В свою очередь, старший из фигурирующих на этих страницах августейших Николаев, главнокомандующий гвардией, по отзыву С. Д. Шереметева, «не терпел женского персонала, окружавшего императрицу, и не мог без негодования говорить об Анне Федоровне Тютчевой <…>». И он, и большинство остальных великих князей «чурались <…> как лешего» другой «политической фрейлины» императрицы – А. Д. Блудовой401. Одним из исключений, и весьма примечательным, был наследник Александр Александрович, находившийся в натянутых отношениях с отцом-императором: он симпатизировал фрейлинам своей матери – Блудовой, А. А. Толстой – и другим панславистам. Понятно, что вот он, в противоположность своему дяде Николаю, «в Красносельский театр <…> езжал неохотно», ибо «[е]ще свежи были предания о Числовой, процветавшей на этой сцене, где хозяином был великий князь Николай Николаевич с его свитой, особенно претившей цесаревичу»402. Такими нюансами публичной саморепрезентации, поведения, вкусов – конечно же, вкупе с действием других факторов – структурировались межличностные симпатии и тяготения (или подчеркивалось их отсутствие) и в самом ядре монархии, и в облегавшей его аристократической среде.
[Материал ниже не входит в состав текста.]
lemma all_in_Union_eq_Union_PiE:
  "{\<omega> \<in> \<Omega>. \<forall>j\<le>n. f j \<omega> \<in> (\<Union>k\<in>S j. A j k)} =
     (\<Union>k\<in>PiE {..n} S. {\<omega> \<in> \<Omega>. \<forall>j\<le>n. f j \<omega> \<in> A j (k j)})"
proof (intro equalityI subsetI)
  fix \<omega> assume "\<omega> \<in> {\<omega> \<in> \<Omega>. \<forall>j\<le>n. f j \<omega> \<in> (\<Union>k\<in>S j. A j k)}"
  then have \<omega>: "\<omega> \<in> \<Omega>" and "\<forall>j\<in>{..n}. \<exists>k. k \<in> S j \<and> f j \<omega> \<in> A j k"
    by auto
  then obtain k where "\<And>j. j \<le> n \<Longrightarrow> k j \<in> S j \<and> f j \<omega> \<in> A j (k j)"
    by (metis atMost_iff)
  then have "restrict k {..n} \<in> PiE {..n} S" "\<omega> \<in> {\<omega> \<in> \<Omega>. \<forall>j\<le>n. f j \<omega> \<in> A j (restrict k {..n} j)}"
    using \<omega> by auto
  then show "\<omega> \<in> (\<Union>k\<in>PiE {..n} S. {\<omega> \<in> \<Omega>. \<forall>j\<le>n. f j \<omega> \<in> A j (k j)})"
    by blast
qed (auto simp: PiE_def Pi_def)

locale uniform_torus_sequence = prob_space M for M :: "'a measure" +
  fixes X :: "nat \<Rightarrow> 'a \<Rightarrow> real" and r :: "nat \<Rightarrow> real"
  assumes X_measurable [measurable]: "\<And>n. X n \<in> borel_measurable M"
    and X_in_torus: "\<And>n \<omega>. \<omega> \<in> space M \<Longrightarrow> X n \<omega> \<in> torus"
    and X_distr: "\<And>n. distr M lborel (X n) = uniform_measure lborel torus"
    and r_pos: "\<And>n. 0 < r n" and r_le_1: "\<And>n. r n \<le> 1"
    and Theta_finite: "Theta M X (Bcal r) < \<infinity>"
begin

lemma qn_gt_0: "0 < qn r n"
  using qn_pos r_pos r_le_1 by blast

lemma prob_X_in:
  assumes "A \<in> sets borel"
  shows "prob {\<omega> \<in> space M. X n \<omega> \<in> A} = measure lborel (torus \<inter> A)"
proof -
  have torus: "emeasure lborel torus = 1"
    unfolding torus_def by simp
  have "{\<omega> \<in> space M. X n \<omega> \<in> A} = X n -` A \<inter> space M"
    by auto
  then have "prob {\<omega> \<in> space M. X n \<omega> \<in> A} = measure (distr M lborel (X n)) A"
    using assms by (simp add: measure_distr)
  also have "\<dots> = measure lborel (torus \<inter> A) / measure lborel torus"
    unfolding X_distr using assms torus by (intro measure_uniform_measure) auto
  finally show ?thesis
    using torus by (simp add: measure_def)
qed

lemma prob_X_in_Icell: "k < qn r n \<Longrightarrow> prob {\<omega> \<in> space M. X n \<omega> \<in> Icell r n k} = 1 / real (qn r n)"
  using prob_X_in[of "Icell r n k" n] measure_Icell[OF qn_gt_0] Icell_subset_torus
  by (simp add: Int_absorb1)

definition Theta_real :: real where
  "Theta_real = enn2real (Theta M X (Bcal r))"

lemma Theta_eq_Theta_real: "Theta M X (Bcal r) = ennreal Theta_real"
  unfolding Theta_real_def using Theta_finite by simp

lemma Theta_real_nonneg: "0 \<le> Theta_real"
  unfolding Theta_real_def by simp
В большом свете, изображенном в АК, происходят похожие вещи. В одном из вариантов «крокетных» глав героиня едет к нуворишам Иленам, презрев важное неписаное правило:
При прежних условиях жизни Анна непременно отказалась бы <…> потому, что у Анны было то тонкое светское чутье, которое указывало ей, что при ее высоком положении в свете сближение с Иленами отчасти роняло ее, снимало с нее пушок – duvet – исключительности того круга, к которому она принадлежала403.
С учетом изложенного выше я бы решился утверждать, что эту тонкую, уязвимую «исключительность», подчеркнутую образным употреблением французского слова (словно бы это пушок на персике – фрукте, который в смежной главе съедает без спросу ее сын Сережа404), надо понимать вполне определенно – как принадлежность к «интимному кружку» императрицы, где культивировался рафинированный, ригористический тон. В ОТ, в согласии с толстовской техникой приглушения и драпировки слишком прямо выраженного в ранних редакциях, тем же смыслом отмечено не столь самоочевидно рискованное, но все-таки дающее в конечном счете негативный эффект сближение Анны с Бетси.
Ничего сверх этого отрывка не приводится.